◆ Task input
(* If an $n$-agent network is $(k+1)$-redundant with $k\ge 0$, then it is $k$-redundant.
   Context: An $n$-agent network: agents $\mathcal V=\{1,\dots,n\}$, each agent $i$ having real matrices $A_i\in\mathbb R^{r_i\times d}$, $b_i\in\mathbb R^{r_i}$. The network is $k$-redundant ($k\in\{0,1,\dots,n-1\}$) if for any $\mathcal S_1,\mathcal S_2\subset\mathcal V$ with $|\mathcal S_1|=|\mathcal S_2|=n-k$, $\arg\min_x\sum_{i\in\mathcal S_1}\|A_ix-b_i\|_2^2=\arg\min_x\sum_{i\in\mathcal S_2}\|A_ix-b_i\|_2^2$ (so $(k+1)$-redundancy presupposes $k+1\le n-1$). *)

theory Defs
  imports "HOL-Analysis.Analysis"
begin

text \<open>Agent i has r i rows; row j of A_i is the vector A i j in R^d (d = CARD('d)),
  and b_i has entries b i j. Then the squared norm of A_i x - b_i is the sum of the
  squared residuals over the r i rows.\<close>

definition agent_cost :: "(nat \<Rightarrow> nat \<Rightarrow> real^'d) \<Rightarrow> (nat \<Rightarrow> nat \<Rightarrow> real) \<Rightarrow> (nat \<Rightarrow> nat)
    \<Rightarrow> nat \<Rightarrow> real^'d \<Rightarrow> real" where
  "agent_cost A b r i x = (\<Sum>j<r i. (A i j \<bullet> x - b i j)\<^sup>2)"

definition agg_cost :: "(nat \<Rightarrow> nat \<Rightarrow> real^'d) \<Rightarrow> (nat \<Rightarrow> nat \<Rightarrow> real) \<Rightarrow> (nat \<Rightarrow> nat)
    \<Rightarrow> nat set \<Rightarrow> real^'d \<Rightarrow> real" where
  "agg_cost A b r S x = (\<Sum>i\<in>S. agent_cost A b r i x)"

definition argmin_set :: "('a \<Rightarrow> real) \<Rightarrow> 'a set" where
  "argmin_set f = {x. \<forall>y. f x \<le> f y}"

definition k_redundant :: "nat \<Rightarrow> (nat \<Rightarrow> nat \<Rightarrow> real^'d) \<Rightarrow> (nat \<Rightarrow> nat \<Rightarrow> real)
    \<Rightarrow> (nat \<Rightarrow> nat) \<Rightarrow> nat \<Rightarrow> bool" where
  "k_redundant n A b r k \<longleftrightarrow> k < n \<and>
     (\<forall>S1 S2. S1 \<subseteq> {1..n} \<and> S2 \<subseteq> {1..n} \<and> card S1 = n - k \<and> card S2 = n - k \<longrightarrow>
        argmin_set (agg_cost A b r S1) = argmin_set (agg_cost A b r S2))"

end

theory Submission imports Defs begin

text \<open>Let X be the argmin set of the cost of some (n - k - 1)-subset of agents; it is nonempty
  because the normal equations of a least-squares problem are always solvable. For an
  (n - k)-subset S, (k + 1)-redundancy gives every S - {i} the argmin set X. Summing over i \<in> S,
  the costs of the S - {i} add up to (|S| - 1) times the cost of S, and a sum of functions sharing
  the nonempty argmin set X again has argmin set X; so S has argmin set X as well.\<close>

lemma least_squares_normal_equations_solvable:
  fixes a :: "'q \<Rightarrow> 'a::euclidean_space" and c :: "'q \<Rightarrow> real"
  assumes "finite I"
  shows "\<exists>x. (\<Sum>q\<in>I. (a q \<bullet> x - c q) *\<^sub>R a q) = 0"
proof -
  define M where "M x = (\<Sum>q\<in>I. (a q \<bullet> x) *\<^sub>R a q)" for x
  define p where "p = (\<Sum>q\<in>I. c q *\<^sub>R a q)"
  have "linear M"
    unfolding M_def by (intro linear_compose_sum ballI linearI) (auto simp: inner_add_right algebra_simps)
  then have "subspace (range M)"
    using linear_subspace_image subspace_UNIV by blast
  obtain m z where m: "m \<in> span (range M)" and z: "\<And>w. w \<in> span (range M) \<Longrightarrow> orthogonal z w"
    and p: "p = m + z"
    using orthogonal_subspace_decomp_exists by blast
  \<comment> \<open>z \<bullet> M z = 0 forces a q \<bullet> z = 0 for all q, so z is orthogonal to p and hence to itself.\<close>
  have "(\<Sum>q\<in>I. (a q \<bullet> z)\<^sup>2) = z \<bullet> M z"
    by (simp add: M_def inner_sum_right inner_commute power2_eq_square)
  also have "\<dots> = 0"
    using z[of "M z"] by (simp add: span_base orthogonal_def)
  finally have "\<forall>q\<in>I. a q \<bullet> z = 0"
    using assms by (simp add: sum_nonneg_eq_0_iff)
  then have "z \<bullet> p = 0"
    by (simp add: p_def inner_sum_right inner_commute)
  moreover have "z \<bullet> m = 0"
    using z[OF m] by (simp add: orthogonal_def)
  ultimately have "z = 0"
    using p by (simp add: inner_add_right)
  with m p \<open>subspace (range M)\<close> obtain x where "M x = p"
    by (metis add.right_neutral span_eq_iff rangeE)
  then have "(\<Sum>q\<in>I. (a q \<bullet> x - c q) *\<^sub>R a q) = 0"
    by (simp add: M_def p_def scaleR_left_diff_distrib sum_subtractf)
  then show ?thesis ..
qed

lemma least_squares_minimizer_if_normal_equations:
  fixes a :: "'q \<Rightarrow> 'a::euclidean_space" and c :: "'q \<Rightarrow> real"
  assumes "(\<Sum>q\<in>I. (a q \<bullet> x - c q) *\<^sub>R a q) = 0"
  shows "(\<Sum>q\<in>I. (a q \<bullet> x - c q)\<^sup>2) \<le> (\<Sum>q\<in>I. (a q \<bullet> y - c q)\<^sup>2)"
proof -
  define d where "d = y - x"
  have "(\<Sum>q\<in>I. (a q \<bullet> y - c q)\<^sup>2)
      = (\<Sum>q\<in>I. (a q \<bullet> x - c q)\<^sup>2 + (a q \<bullet> d)\<^sup>2 + 2 * ((a q \<bullet> x - c q) * (a q \<bullet> d)))"
    by (rule sum.cong) (auto simp: d_def inner_diff_right power2_eq_square algebra_simps)
  also have "\<dots> = (\<Sum>q\<in>I. (a q \<bullet> x - c q)\<^sup>2) + (\<Sum>q\<in>I. (a q \<bullet> d)\<^sup>2)
      + 2 * (d \<bullet> (\<Sum>q\<in>I. (a q \<bullet> x - c q) *\<^sub>R a q))"
    by (simp add: sum.distrib sum_distrib_left inner_sum_right inner_commute)
  also have "\<dots> \<ge> (\<Sum>q\<in>I. (a q \<bullet> x - c q)\<^sup>2)"
    using assms by (simp add: sum_nonneg)
  finally show ?thesis .
qed

lemma least_squares_has_minimizer:
  fixes a :: "'q \<Rightarrow> 'a::euclidean_space" and c :: "'q \<Rightarrow> real"
  assumes "finite I"
  shows "\<exists>x. \<forall>y. (\<Sum>q\<in>I. (a q \<bullet> x - c q)\<^sup>2) \<le> (\<Sum>q\<in>I. (a q \<bullet> y - c q)\<^sup>2)"
  using least_squares_normal_equations_solvable[OF assms] least_squares_minimizer_if_normal_equations
  by blast

lemma argmin_set_agg_cost_nonempty:
  assumes "finite S"
  shows "argmin_set (agg_cost A b r S) \<noteq> {}"
proof -
  let ?R = "Sigma S (\<lambda>i. {..<r i})"
  have cost: "agg_cost A b r S x = (\<Sum>(i, j)\<in>?R. (A i j \<bullet> x - b i j)\<^sup>2)" for x
    unfolding agg_cost_def agent_cost_def using assms by (simp add: sum.Sigma)
  obtain x where "\<forall>y. (\<Sum>(i, j)\<in>?R. (A i j \<bullet> x - b i j)\<^sup>2) \<le> (\<Sum>(i, j)\<in>?R. (A i j \<bullet> y - b i j)\<^sup>2)"
    using least_squares_has_minimizer[of ?R "case_prod A" "case_prod b"] assms
    by (auto simp: case_prod_beta')
  then have "x \<in> argmin_set (agg_cost A b r S)"
    unfolding argmin_set_def cost by simp
  then show ?thesis by blast
qed

lemma argmin_set_sum_common:
  fixes g :: "'i \<Rightarrow> 'a \<Rightarrow> real"
  assumes "finite S" "S \<noteq> {}" "X \<noteq> {}" and argmin: "\<And>i. i \<in> S \<Longrightarrow> argmin_set (g i) = X"
  shows "argmin_set (\<lambda>x. \<Sum>i\<in>S. g i x) = X"
proof
  obtain x0 where x0: "x0 \<in> X" using assms(3) by blast
  have min: "g i x \<le> g i y" if "i \<in> S" "x \<in> X" for i x y
    using argmin[OF that(1)] that(2) unfolding argmin_set_def by blast
  show "X \<subseteq> argmin_set (\<lambda>x. \<Sum>i\<in>S. g i x)"
    unfolding argmin_set_def using min by (auto intro: sum_mono)
  show "argmin_set (\<lambda>x. \<Sum>i\<in>S. g i x) \<subseteq> X"
  proof
    fix y assume "y \<in> argmin_set (\<lambda>x. \<Sum>i\<in>S. g i x)"
    then have "(\<Sum>i\<in>S. g i y - g i x0) \<le> 0"
      unfolding argmin_set_def by (simp add: sum_subtractf)
    moreover have "g i y - g i x0 \<ge> 0" if "i \<in> S" for i
      using min that x0 by auto
    ultimately have "\<forall>i\<in>S. g i y = g i x0"
      using \<open>finite S\<close> by (metis (no_types, lifting) order_antisym sum_nonneg sum_nonneg_eq_0_iff eq_iff_diff_eq_0)
    moreover obtain i where "i \<in> S" using assms(2) by blast
    ultimately have "y \<in> argmin_set (g i)"
      using min[OF _ x0] unfolding argmin_set_def by simp
    with \<open>i \<in> S\<close> argmin show "y \<in> X" by blast
  qed
qed

lemma argmin_set_mult_pos:
  fixes f :: "'a \<Rightarrow> real"
  assumes "c > 0"
  shows "argmin_set (\<lambda>x. c * f x) = argmin_set f"
  using assms by (simp add: argmin_set_def)

lemma sum_leave_one_out:
  fixes f :: "'i \<Rightarrow> 'a::comm_ring_1"
  assumes "finite S"
  shows "(\<Sum>i\<in>S. sum f (S - {i})) = of_nat (card S - 1) * sum f S"
proof (cases "S = {}")
  case False
  then have "card S \<ge> 1" using assms by (simp add: Suc_le_eq card_gt_0_iff)
  have "(\<Sum>i\<in>S. sum f (S - {i})) = (\<Sum>i\<in>S. sum f S - f i)"
    using assms by (intro sum.cong) (auto simp: sum_diff1)
  also have "\<dots> = of_nat (card S) * sum f S - sum f S"
    by (simp add: sum_subtractf)
  finally show ?thesis
    using \<open>card S \<ge> 1\<close> by (simp add: of_nat_diff algebra_simps)
qed simp

lemma argmin_set_sum_if_leave_one_out:
  fixes f :: "'i \<Rightarrow> 'a \<Rightarrow> real"
  assumes "finite S" "card S \<ge> 2" "X \<noteq> {}"
    and leave_one_out: "\<And>i. i \<in> S \<Longrightarrow> argmin_set (\<lambda>x. \<Sum>j\<in>S - {i}. f j x) = X"
  shows "argmin_set (\<lambda>x. \<Sum>j\<in>S. f j x) = X"
proof -
  have "S \<noteq> {}" using assms(2) by auto
  have "real (card S - 1) > 0" using assms(2) by simp
  then have "argmin_set (\<lambda>x. \<Sum>j\<in>S. f j x)
      = argmin_set (\<lambda>x. real (card S - 1) * (\<Sum>j\<in>S. f j x))"
    by (rule argmin_set_mult_pos[symmetric])
  also have "(\<lambda>x. real (card S - 1) * (\<Sum>j\<in>S. f j x)) = (\<lambda>x. \<Sum>i\<in>S. \<Sum>j\<in>S - {i}. f j x)"
  proof
    fix x
    show "real (card S - 1) * (\<Sum>j\<in>S. f j x) = (\<Sum>i\<in>S. \<Sum>j\<in>S - {i}. f j x)"
      using sum_leave_one_out[OF \<open>finite S\<close>, of "\<lambda>j. f j x"] by (simp only:)
  qed
  also have "argmin_set \<dots> = X"
    using \<open>finite S\<close> \<open>S \<noteq> {}\<close> \<open>X \<noteq> {}\<close> leave_one_out by (rule argmin_set_sum_common)
  finally show ?thesis .
qed

theorem corollary2:
  fixes n k :: nat and A :: "nat \<Rightarrow> nat \<Rightarrow> real^'d" and b :: "nat \<Rightarrow> nat \<Rightarrow> real"
    and r :: "nat \<Rightarrow> nat"
  assumes "k_redundant n A b r (k + 1)"
  shows "k_redundant n A b r k"
proof -
  have "k + 1 < n" and redundant: "\<And>S1 S2. S1 \<subseteq> {1..n} \<Longrightarrow> S2 \<subseteq> {1..n} \<Longrightarrow>
      card S1 = n - (k + 1) \<Longrightarrow> card S2 = n - (k + 1) \<Longrightarrow>
      argmin_set (agg_cost A b r S1) = argmin_set (agg_cost A b r S2)"
    using assms unfolding k_redundant_def by blast+
  define X where "X = argmin_set (agg_cost A b r {1..n - (k + 1)})"
  have "X \<noteq> {}"
    unfolding X_def by (simp add: argmin_set_agg_cost_nonempty)
  have "argmin_set (agg_cost A b r S) = X" if S: "S \<subseteq> {1..n}" "card S = n - k" for S
  proof -
    have "finite S" using S(1) finite_subset by blast
    have "argmin_set (agg_cost A b r (S - {i})) = X" if "i \<in> S" for i
      unfolding X_def using that S \<open>finite S\<close> by (intro redundant) auto
    moreover have "card S \<ge> 2"
      using S(2) \<open>k + 1 < n\<close> by simp
    ultimately show ?thesis
      using argmin_set_sum_if_leave_one_out[OF \<open>finite S\<close> _ \<open>X \<noteq> {}\<close>, of "agent_cost A b r"]
      unfolding agg_cost_def by blast
  qed
  with \<open>k + 1 < n\<close> show ?thesis
    unfolding k_redundant_def by auto
qed

end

◆ Aim of the exercise
The expected answer is each line of the records above that includes the string "shows".

◆ Answer section
  shows "\<exists>x. (\<Sum>q\<in>I. (a q \<bullet> x - c q) *\<^sub>R a q) = 0"
  shows "(\<Sum>q\<in>I. (a q \<bullet> x - c q)\<^sup>2) \<le> (\<Sum>q\<in>I. (a q \<bullet> y - c q)\<^sup>2)"
  shows "\<exists>x. \<forall>y. (\<Sum>q\<in>I. (a q \<bullet> x - c q)\<^sup>2) \<le> (\<Sum>q\<in>I. (a q \<bullet> y - c q)\<^sup>2)"
  shows "argmin_set (agg_cost A b r S) \<noteq> {}"
  shows "argmin_set (\<lambda>x. \<Sum>i\<in>S. g i x) = X"
  shows "argmin_set (\<lambda>x. c * f x) = argmin_set f"
  shows "(\<Sum>i\<in>S. sum f (S - {i})) = of_nat (card S - 1) * sum f S"
  shows "argmin_set (\<lambda>x. \<Sum>j\<in>S. f j x) = X"
  shows "k_redundant n A b r k"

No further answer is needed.